Столь же круто Абдул Резак повел себя в отношении судоходства: торговые суда под российским флагом не должны были иметь пушек на борту и права выходить в Средиземное море (то есть проливы для них оставались закрытыми). Ни один порт на побережье русским не предоставлялся. Реис-эфенди предложил перегружать в Стамбуле товары с черноморских судов на средиземноморские. Возмущенная Екатерина направила записку в совет: «Я ни под каким видом не хочу, чтобы мне турки предписали, какой род кораблей иметь или не иметь на Черном море, не им России предписать законы, в противном случае еще могут отведать счастие…»[189].
Обресков явно по тактическим соображениям предложил оппонентам вернуться к принципу uti possidetis: «Княжества Молдавское и Волоское с крепостями Хотинскою, Ибраиловскою и Журжевскою, российским оружием приобретенные, по силе военного права должны принадлежать России». От них, однако, можно отказаться, буде Порта «предоставит во взаимство размерное удовлетворение». А тут подоспела весть о подписании 1 ноября 1772 г. договора с Крымом «о вольности и независимости татарской», включавшего пункт, по которому крымцы «противу России никому ни в чем и ни под каким претекстом вспомоществовать не имеют»[190]. Россия оставляла за собой крепости Керчь и Еникале, что обеспечивало свободный выход из Азовского моря в Черное. У Обрескова на руках оказались козырные карты, туркам нечего было и помышлять о выдворении россиян с полуострова.
В ожидании инструкций из Стамбула делегации продолжали неторопливые беседы. В отношении балканских дел особый интерес представляют предложения, которые Обресков выдвинул без указаний от императрицы и которые свидетельствуют о его прозорливости и способности мыслить стратегически. Они включали пункт о размене пленных – поляков, молдаван, валахов, греков и грузин – и являлись своего рода заверением, что и в будущем Россия не оставит своих сторонников в беде (по словам самого Обрескова, «ревность и преданность» не должны приводить к жертвам)[191]. Но самыми существенными явились пункты о покровительстве православным: «Чтоб позволено было в Константинополе в части, называемой Пера или Бей – Углу, для духовных, Греко-российский закон исповедующих, воздвигнуть церковь; сия была <б> под протекциею российских министров и защищаема от всяких притеснений»; «чтоб христианский закон и церкви были с большим тщанием от Порты защищаемы и чтоб умеренные российских министров в пользу христианских церквей представления принимаемы благосклонно были». Эти предложения заключали в себе зародыш будущей балканской политики России.

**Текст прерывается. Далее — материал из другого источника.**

lemma card_placing_avoiding:
  assumes "finite X" and "b \<subseteq> X" and "inj_on g b" and g: "g ` b \<subseteq> {0..<card X}"
    and S: "S \<inter> conflicting (b, g) = {}"
  shows "card (placing X (b, g) \<inter> avoiding (sequencings X) (placing X) S) * (\<Prod>i<card b. card X - i)
    \<le> card (avoiding (sequencings X) (placing X) S)"
proof -
  define L where "L = placing X (b, g) \<inter> avoiding (sequencings X) (placing X) S"
  define F where "F = {f \<in> g ` b \<rightarrow>\<^sub>E X. inj_on f (g ` b)}"
  have "\<exists>\<pi>. bij_betw \<pi> X X \<and> (\<forall>x\<in>b. \<pi> x = f (g x)) \<and> (\<forall>y\<in>X - b. \<pi> y \<notin> b \<longrightarrow> \<pi> y = y)"
    if "f \<in> F" for f
  proof -
    have "inj_on (f \<circ> g) b" and "(f \<circ> g) ` b \<subseteq> X"
      using that \<open>inj_on g b\<close> unfolding F_def by (auto intro: comp_inj_on)
    then obtain \<pi> where "bij_betw \<pi> X X" "\<And>x. x \<in> b \<Longrightarrow> \<pi> x = (f \<circ> g) x"
      "\<And>y. y \<in> X - b \<Longrightarrow> \<pi> y \<notin> b \<Longrightarrow> \<pi> y = y"
      using extend_inj_on_to_permutation[OF \<open>finite X\<close> \<open>b \<subseteq> X\<close>] by blast
    then show ?thesis by auto
  qed
  then obtain perm where "\<And>f. f \<in> F \<Longrightarrow> bij_betw (perm f) X X \<and> (\<forall>x\<in>b. perm f x = f (g x))
      \<and> (\<forall>y\<in>X - b. perm f y \<notin> b \<longrightarrow> perm f y = y)"
    by metis
  hence perm_bij: "\<And>f. f \<in> F \<Longrightarrow> bij_betw (perm f) X X"
    and perm_b: "\<And>f x. f \<in> F \<Longrightarrow> x \<in> b \<Longrightarrow> perm f x = f (g x)"
    and perm_fix: "\<And>f y. f \<in> F \<Longrightarrow> y \<in> X - b \<Longrightarrow> perm f y \<notin> b \<Longrightarrow> perm f y = y"
    by auto
  let ?\<Psi> = "\<lambda>(\<sigma>, f). restrict (perm f \<circ> \<sigma>) {0..<card X}"
  have "inj_on ?\<Psi> (L \<times> F)"
    using inj_on_permute_placing[OF perm_bij perm_b _ g, of F] unfolding L_def F_def
    by (rule inj_on_subset) auto
  moreover have "?\<Psi> ` (L \<times> F) \<subseteq> avoiding (sequencings X) (placing X) S"
    unfolding L_def by (auto intro!: permute_placing_avoiding[OF _ perm_bij perm_fix g S])
  moreover have "finite (avoiding (sequencings X) (placing X) S)"
    using \<open>finite X\<close> by (intro finite_avoiding finite_sequencings)
  ultimately have "card (L \<times> F) \<le> card (avoiding (sequencings X) (placing X) S)"
    by (intro card_inj_on_le)
  moreover have "card F = (\<Prod>i<card b. card X - i)"
    using card_inj_on_subset_funcset[of "g ` b" X "g ` b"] card_image[OF \<open>inj_on g b\<close>]
      \<open>finite X\<close> finite_subset[OF \<open>b \<subseteq> X\<close>]
    unfolding F_def by (simp add: atLeast0LessThan)
  ultimately show ?thesis unfolding L_def by (simp add: card_cartesian_product)
qed

lemma cyc_window_eq_image: "cyc_window n \<phi> i l = \<phi> ` window n l i"
  unfolding cyc_window_def window_def by auto

lemma window_subset: "0 < n \<Longrightarrow> window n l i \<subseteq> {0..<n}"
  unfolding window_def by auto

lemma cyclically_good_if_avoiding:
  assumes \<phi>: "\<phi> \<in> sequencings X"
    and avoids: "\<And>e. e \<in> Sigma \<B> (placements (card X) l) \<Longrightarrow> \<phi> \<notin> placing X e"
  shows "cyclically_good X \<B> l \<phi>"
proof -
  define n where "n = card X"
  have bij: "bij_betw \<phi> {0..<n} X" using sequencings_bij_betw[OF \<phi>] unfolding n_def .
  have "\<not> b \<subseteq> \<phi> ` window n l i" if "i < n" "b \<in> \<B>" for i b
  proof
    assume b: "b \<subseteq> \<phi> ` window n l i"
    have W: "window n l i \<subseteq> {0..<n}" using \<open>i < n\<close> by (intro window_subset) simp
    define g where "g = restrict (inv_into {0..<n} \<phi>) b"
    have g: "g x \<in> window n l i \<and> \<phi> (g x) = x" if "x \<in> b" for x
    proof -
      obtain q where "q \<in> window n l i" "x = \<phi> q" using b \<open>x \<in> b\<close> by auto
      moreover have "inv_into {0..<n} \<phi> (\<phi> q) = q"
        using bij W \<open>q \<in> window n l i\<close> by (auto simp: bij_betw_def inv_into_f_f)
      ultimately show ?thesis using \<open>x \<in> b\<close> unfolding g_def by simp
    qed
    have "g \<in> placements n l b"
      unfolding placements_def
    proof (intro CollectI conjI)
      show "g \<in> b \<rightarrow>\<^sub>E {0..<n}" using g W unfolding g_def by auto
      show "inj_on g b" by (rule inj_on_inverseI[of _ \<phi>]) (use g in blast)
      show "\<exists>i<n. g ` b \<subseteq> window n l i" using g \<open>i < n\<close> by blast
    qed
    moreover have "\<phi> \<in> placing X (b, g)" using \<phi> g unfolding placing_def by simp
    ultimately show False using avoids \<open>b \<in> \<B>\<close> unfolding n_def by blast
  qed
  thus ?thesis
    using bij unfolding cyclically_good_def sequencing_def independent_set_def cyc_window_eq_image n_def
    by blast
qed

section \<open>Counting conflicting placements\<close>

lemma partial_STS_finite_blocks: "partial_STS X \<B> \<Longrightarrow> finite \<B>"
  unfolding partial_STS_def by (metis Pow_iff finite_Pow_iff finite_subset subsetI)

lemma partial_STS_block: "partial_STS X \<B> \<Longrightarrow> b \<in> \<B> \<Longrightarrow> b \<subseteq> X \<and> card b = 3"
  unfolding partial_STS_def by blast

lemma partial_STS_block_unique:
  assumes "partial_STS X \<B>" and "b1 \<in> \<B>" "b2 \<in> \<B>" and "{y, z} \<subseteq> b1" "{y, z} \<subseteq> b2" and "y \<noteq> z"
  shows "b1 = b2"
proof -
  have "{y, z} \<subseteq> X" using assms(2,4) partial_STS_block[OF assms(1)] by blast
  moreover have "card {y, z} = 2" using \<open>y \<noteq> z\<close> by simp
  ultimately have "card {b\<in>\<B>. {y, z} \<subseteq> b} \<le> 1"
    using assms(1) unfolding partial_STS_def by blast
  moreover have "finite {b\<in>\<B>. {y, z} \<subseteq> b}" using partial_STS_finite_blocks[OF assms(1)] by simp
  ultimately show ?thesis using assms(2-5) by (auto simp: card_le_Suc0_iff_eq)
qed

lemma card_blocks_containing_le:
  assumes "partial_STS X \<B>" and "y \<in> X"
  shows "card {b\<in>\<B>. y \<in> b} \<le> card X - 1"
proof -
  define other where "other b = (SOME z. z \<in> b - {y})" for b
  have other: "other b \<in> b - {y}" if "b \<in> \<B>" for b
  proof -
    have "\<not> b \<subseteq> {y}"
      using card_mono[of "{y}" b] partial_STS_block[OF assms(1) that] by auto
    thus ?thesis unfolding other_def by (metis Diff_eq_empty_iff some_in_eq)
  qed
  have "inj_on other {b\<in>\<B>. y \<in> b}"
  proof (rule inj_onI)
    fix b1 b2 assume b1: "b1 \<in> {b\<in>\<B>. y \<in> b}" and b2: "b2 \<in> {b\<in>\<B>. y \<in> b}"
      and "other b1 = other b2"
    with other[of b1] other[of b2]
    have "{y, other b1} \<subseteq> b1" "{y, other b1} \<subseteq> b2" "y \<noteq> other b1" by auto
    with b1 b2 show "b1 = b2" by (intro partial_STS_block_unique[OF assms(1)]) auto
  qed
  moreover have "other ` {b\<in>\<B>. y \<in> b} \<subseteq> X - {y}"
    using other partial_STS_block[OF assms(1)] by blast
  moreover have "finite X" using assms unfolding partial_STS_def by blast
  ultimately have "card {b\<in>\<B>. y \<in> b} \<le> card (X - {y})"
    by (intro card_inj_on_le) auto
  also have "\<dots> = card X - 1" using \<open>y \<in> X\<close> \<open>finite X\<close> by simp
  finally show ?thesis .
qed

lemma card_window_le: "card (window n l i) \<le> l"
proof -
  have "window n l i = (\<lambda>j. (i + j) mod n) ` {..<l}" unfolding window_def by auto
  thus ?thesis using card_image_le[of "{..<l}" "\<lambda>j. (i + j) mod n"] by simp
qed

lemma window_subset_window_around:
  assumes "l \<le> n" and "Q \<in> window n l i"
  shows "window n l i \<subseteq> window n (2 * l - 1) (Q + n - (l - 1))"
proof
  fix R assume "R \<in> window n l i"
  then obtain c where c: "c < l" "R = (i + c) mod n" unfolding window_def by auto
  obtain a where a: "a < l" "Q = (i + a) mod n" using assms(2) unfolding window_def by auto
  define k where "k = c + (l - 1) - a"
  have "Q + n - (l - 1) + k = Q + (n + c - a)" unfolding k_def using a c assms(1) by auto
  hence "(Q + n - (l - 1) + k) mod n = (i + a + (n + c - a)) mod n"
    using a by (simp add: mod_add_left_eq)
  also have "i + a + (n + c - a) = (i + c) + n" using a c assms(1) by auto
  finally have "(Q + n - (l - 1) + k) mod n = R" using c by simp
  moreover have "k < 2 * l - 1" unfolding k_def using a c by auto
  ultimately show "R \<in> window n (2 * l - 1) (Q + n - (l - 1))" unfolding window_def by blast
qed

lemma finite_placements: "finite b \<Longrightarrow> finite (placements n l b)"
  unfolding placements_def by (rule finite_subset[of _ "b \<rightarrow>\<^sub>E {0..<n}"]) (auto intro: finite_PiE)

То, что мысль о международно-правовом оформлении покровительства турецким христианам принадлежала не Н. И. Панину и не совету при высочайшем дворе, а дипломату-исполнителю, говорит не в пользу их геостратегической прозорливости. Правда, и Обресков действовал под влиянием злобы дня: жители ему «беспрерывно докучали об исходатайствовании им сего Богу угодного благодеяния; многажды же представляли готовность их и потребные на воздвижение храма издержки на себя перенять». Поверенный в делах в Стамбуле П. С. Левашов добавлял к соображениям Обрескова нечто очень полезное и для Петербурга соблазнительное: «окромя набожности, высочайший двор приобрести может в народах сих усердие и преданность, столь полезную для всегдашних его в здешних делах интересов»[192].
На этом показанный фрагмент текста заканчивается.